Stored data
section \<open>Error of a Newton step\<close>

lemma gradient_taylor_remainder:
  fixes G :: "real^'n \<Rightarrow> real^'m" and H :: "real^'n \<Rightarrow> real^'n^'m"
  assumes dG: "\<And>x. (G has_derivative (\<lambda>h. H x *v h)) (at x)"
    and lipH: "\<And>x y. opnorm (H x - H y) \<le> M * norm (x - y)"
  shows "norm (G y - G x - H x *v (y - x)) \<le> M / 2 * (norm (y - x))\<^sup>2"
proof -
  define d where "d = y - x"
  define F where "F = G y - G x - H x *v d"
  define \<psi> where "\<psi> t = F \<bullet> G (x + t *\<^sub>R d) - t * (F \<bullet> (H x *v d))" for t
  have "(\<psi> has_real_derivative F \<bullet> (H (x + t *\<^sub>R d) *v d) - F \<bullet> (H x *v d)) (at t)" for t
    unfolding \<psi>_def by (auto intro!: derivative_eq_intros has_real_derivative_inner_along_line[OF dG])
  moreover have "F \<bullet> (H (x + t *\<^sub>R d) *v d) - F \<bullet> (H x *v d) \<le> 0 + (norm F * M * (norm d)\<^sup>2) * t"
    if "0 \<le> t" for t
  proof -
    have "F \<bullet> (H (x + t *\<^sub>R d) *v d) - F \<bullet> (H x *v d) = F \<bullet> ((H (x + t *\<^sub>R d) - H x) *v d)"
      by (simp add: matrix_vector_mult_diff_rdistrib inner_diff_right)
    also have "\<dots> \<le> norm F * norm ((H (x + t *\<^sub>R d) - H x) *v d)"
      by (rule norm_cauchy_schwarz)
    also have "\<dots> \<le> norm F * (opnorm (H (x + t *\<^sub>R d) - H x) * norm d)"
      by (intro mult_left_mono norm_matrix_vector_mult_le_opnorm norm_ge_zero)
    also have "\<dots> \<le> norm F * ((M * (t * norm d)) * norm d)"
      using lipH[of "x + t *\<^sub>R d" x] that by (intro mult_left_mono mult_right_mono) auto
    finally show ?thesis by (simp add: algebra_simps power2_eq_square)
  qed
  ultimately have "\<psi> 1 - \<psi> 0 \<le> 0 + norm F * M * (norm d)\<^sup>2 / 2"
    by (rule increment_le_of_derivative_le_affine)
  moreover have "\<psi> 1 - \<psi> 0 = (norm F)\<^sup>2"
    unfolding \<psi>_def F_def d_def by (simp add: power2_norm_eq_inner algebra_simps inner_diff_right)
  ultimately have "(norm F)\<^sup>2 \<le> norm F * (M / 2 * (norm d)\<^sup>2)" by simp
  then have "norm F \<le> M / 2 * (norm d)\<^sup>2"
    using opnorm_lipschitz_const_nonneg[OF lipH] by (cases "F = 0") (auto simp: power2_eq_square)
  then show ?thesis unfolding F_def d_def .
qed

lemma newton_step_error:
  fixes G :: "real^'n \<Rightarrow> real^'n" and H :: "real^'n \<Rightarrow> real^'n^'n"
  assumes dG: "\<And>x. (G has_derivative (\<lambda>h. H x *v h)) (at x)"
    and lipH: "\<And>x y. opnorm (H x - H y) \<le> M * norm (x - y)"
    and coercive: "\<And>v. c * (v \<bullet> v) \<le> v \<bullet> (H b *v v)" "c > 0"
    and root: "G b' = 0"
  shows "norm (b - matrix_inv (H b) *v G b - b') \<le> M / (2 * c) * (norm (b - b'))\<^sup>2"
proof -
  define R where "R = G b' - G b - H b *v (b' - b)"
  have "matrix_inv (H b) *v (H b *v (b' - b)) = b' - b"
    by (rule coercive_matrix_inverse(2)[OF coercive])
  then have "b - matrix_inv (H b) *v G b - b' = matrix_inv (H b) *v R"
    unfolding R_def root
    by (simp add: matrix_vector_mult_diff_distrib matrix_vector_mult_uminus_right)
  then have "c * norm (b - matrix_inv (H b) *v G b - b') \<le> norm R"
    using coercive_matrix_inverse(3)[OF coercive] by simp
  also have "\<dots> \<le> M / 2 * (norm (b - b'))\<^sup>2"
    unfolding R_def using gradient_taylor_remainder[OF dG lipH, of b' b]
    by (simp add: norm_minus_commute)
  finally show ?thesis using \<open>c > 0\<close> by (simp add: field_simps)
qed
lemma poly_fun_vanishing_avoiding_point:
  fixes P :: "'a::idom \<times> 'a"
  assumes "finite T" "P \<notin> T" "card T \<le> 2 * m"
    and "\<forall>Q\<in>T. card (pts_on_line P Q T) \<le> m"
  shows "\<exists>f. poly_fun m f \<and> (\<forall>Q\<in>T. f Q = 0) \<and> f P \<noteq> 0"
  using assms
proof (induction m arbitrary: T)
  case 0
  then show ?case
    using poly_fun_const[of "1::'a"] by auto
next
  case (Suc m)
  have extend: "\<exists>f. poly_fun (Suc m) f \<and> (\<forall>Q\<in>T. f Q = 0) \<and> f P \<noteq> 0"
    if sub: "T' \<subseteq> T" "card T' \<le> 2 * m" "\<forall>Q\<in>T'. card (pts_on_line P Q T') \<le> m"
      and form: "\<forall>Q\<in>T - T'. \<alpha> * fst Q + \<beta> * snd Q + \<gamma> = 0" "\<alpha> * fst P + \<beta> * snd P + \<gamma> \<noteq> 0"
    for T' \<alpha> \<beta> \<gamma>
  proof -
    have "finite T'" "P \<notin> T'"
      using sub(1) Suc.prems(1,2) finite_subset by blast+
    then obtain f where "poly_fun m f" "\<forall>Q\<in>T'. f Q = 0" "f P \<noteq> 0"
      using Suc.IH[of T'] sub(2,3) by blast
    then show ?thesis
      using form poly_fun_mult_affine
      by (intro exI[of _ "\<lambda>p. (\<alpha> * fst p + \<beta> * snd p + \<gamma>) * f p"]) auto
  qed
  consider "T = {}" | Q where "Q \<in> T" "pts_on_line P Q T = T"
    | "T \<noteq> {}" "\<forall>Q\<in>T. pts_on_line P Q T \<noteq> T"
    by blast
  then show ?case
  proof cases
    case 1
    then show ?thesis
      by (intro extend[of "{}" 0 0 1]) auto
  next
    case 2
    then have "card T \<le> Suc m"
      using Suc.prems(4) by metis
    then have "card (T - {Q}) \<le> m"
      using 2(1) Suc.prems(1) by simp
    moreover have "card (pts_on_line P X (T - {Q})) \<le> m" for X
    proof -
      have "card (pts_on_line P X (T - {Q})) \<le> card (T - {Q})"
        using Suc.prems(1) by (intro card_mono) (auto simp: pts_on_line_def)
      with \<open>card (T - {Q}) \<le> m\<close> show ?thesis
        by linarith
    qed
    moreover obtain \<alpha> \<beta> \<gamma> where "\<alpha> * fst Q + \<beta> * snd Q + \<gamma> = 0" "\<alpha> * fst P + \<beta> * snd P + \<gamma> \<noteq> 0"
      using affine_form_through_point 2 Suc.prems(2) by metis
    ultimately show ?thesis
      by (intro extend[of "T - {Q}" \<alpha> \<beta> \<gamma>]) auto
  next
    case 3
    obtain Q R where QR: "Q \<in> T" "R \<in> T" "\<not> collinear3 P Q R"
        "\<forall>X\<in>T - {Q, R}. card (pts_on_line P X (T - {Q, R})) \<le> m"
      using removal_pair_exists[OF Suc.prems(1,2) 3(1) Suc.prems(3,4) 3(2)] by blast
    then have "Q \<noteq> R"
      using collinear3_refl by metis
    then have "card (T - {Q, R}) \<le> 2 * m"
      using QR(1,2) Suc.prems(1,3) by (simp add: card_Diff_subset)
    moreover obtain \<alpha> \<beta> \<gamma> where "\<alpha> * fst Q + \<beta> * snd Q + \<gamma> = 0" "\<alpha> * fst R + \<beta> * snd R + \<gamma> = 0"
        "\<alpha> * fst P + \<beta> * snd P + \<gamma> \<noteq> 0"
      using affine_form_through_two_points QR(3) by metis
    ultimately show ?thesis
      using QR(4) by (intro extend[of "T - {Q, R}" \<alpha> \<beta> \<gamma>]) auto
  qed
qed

**EXERCISE INSTRUCTIONS:**
Output each line of the records above exactly, beginning at the first, and stop once the line containing "(norm d)\<^sup>2 /" has been output.

**SOLUTION TO THIS TASK:**
section \<open>Error of a Newton step\<close>

lemma gradient_taylor_remainder:
  fixes G :: "real^'n \<Rightarrow> real^'m" and H :: "real^'n \<Rightarrow> real^'n^'m"
  assumes dG: "\<And>x. (G has_derivative (\<lambda>h. H x *v h)) (at x)"
    and lipH: "\<And>x y. opnorm (H x - H y) \<le> M * norm (x - y)"
  shows "norm (G y - G x - H x *v (y - x)) \<le> M / 2 * (norm (y - x))\<^sup>2"
proof -
  define d where "d = y - x"
  define F where "F = G y - G x - H x *v d"
  define \<psi> where "\<psi> t = F \<bullet> G (x + t *\<^sub>R d) - t * (F \<bullet> (H x *v d))" for t
  have "(\<psi> has_real_derivative F \<bullet> (H (x + t *\<^sub>R d) *v d) - F \<bullet> (H x *v d)) (at t)" for t
    unfolding \<psi>_def by (auto intro!: derivative_eq_intros has_real_derivative_inner_along_line[OF dG])
  moreover have "F \<bullet> (H (x + t *\<^sub>R d) *v d) - F \<bullet> (H x *v d) \<le> 0 + (norm F * M * (norm d)\<^sup>2) * t"
    if "0 \<le> t" for t
  proof -
    have "F \<bullet> (H (x + t *\<^sub>R d) *v d) - F \<bullet> (H x *v d) = F \<bullet> ((H (x + t *\<^sub>R d) - H x) *v d)"
      by (simp add: matrix_vector_mult_diff_rdistrib inner_diff_right)
    also have "\<dots> \<le> norm F * norm ((H (x + t *\<^sub>R d) - H x) *v d)"
      by (rule norm_cauchy_schwarz)
    also have "\<dots> \<le> norm F * (opnorm (H (x + t *\<^sub>R d) - H x) * norm d)"
      by (intro mult_left_mono norm_matrix_vector_mult_le_opnorm norm_ge_zero)
    also have "\<dots> \<le> norm F * ((M * (t * norm d)) * norm d)"
      using lipH[of "x + t *\<^sub>R d" x] that by (intro mult_left_mono mult_right_mono) auto
    finally show ?thesis by (simp add: algebra_simps power2_eq_square)
  qed
  ultimately have "\<psi> 1 - \<psi> 0 \<le> 0 + norm F * M * (norm d)\<^sup>2 / 2"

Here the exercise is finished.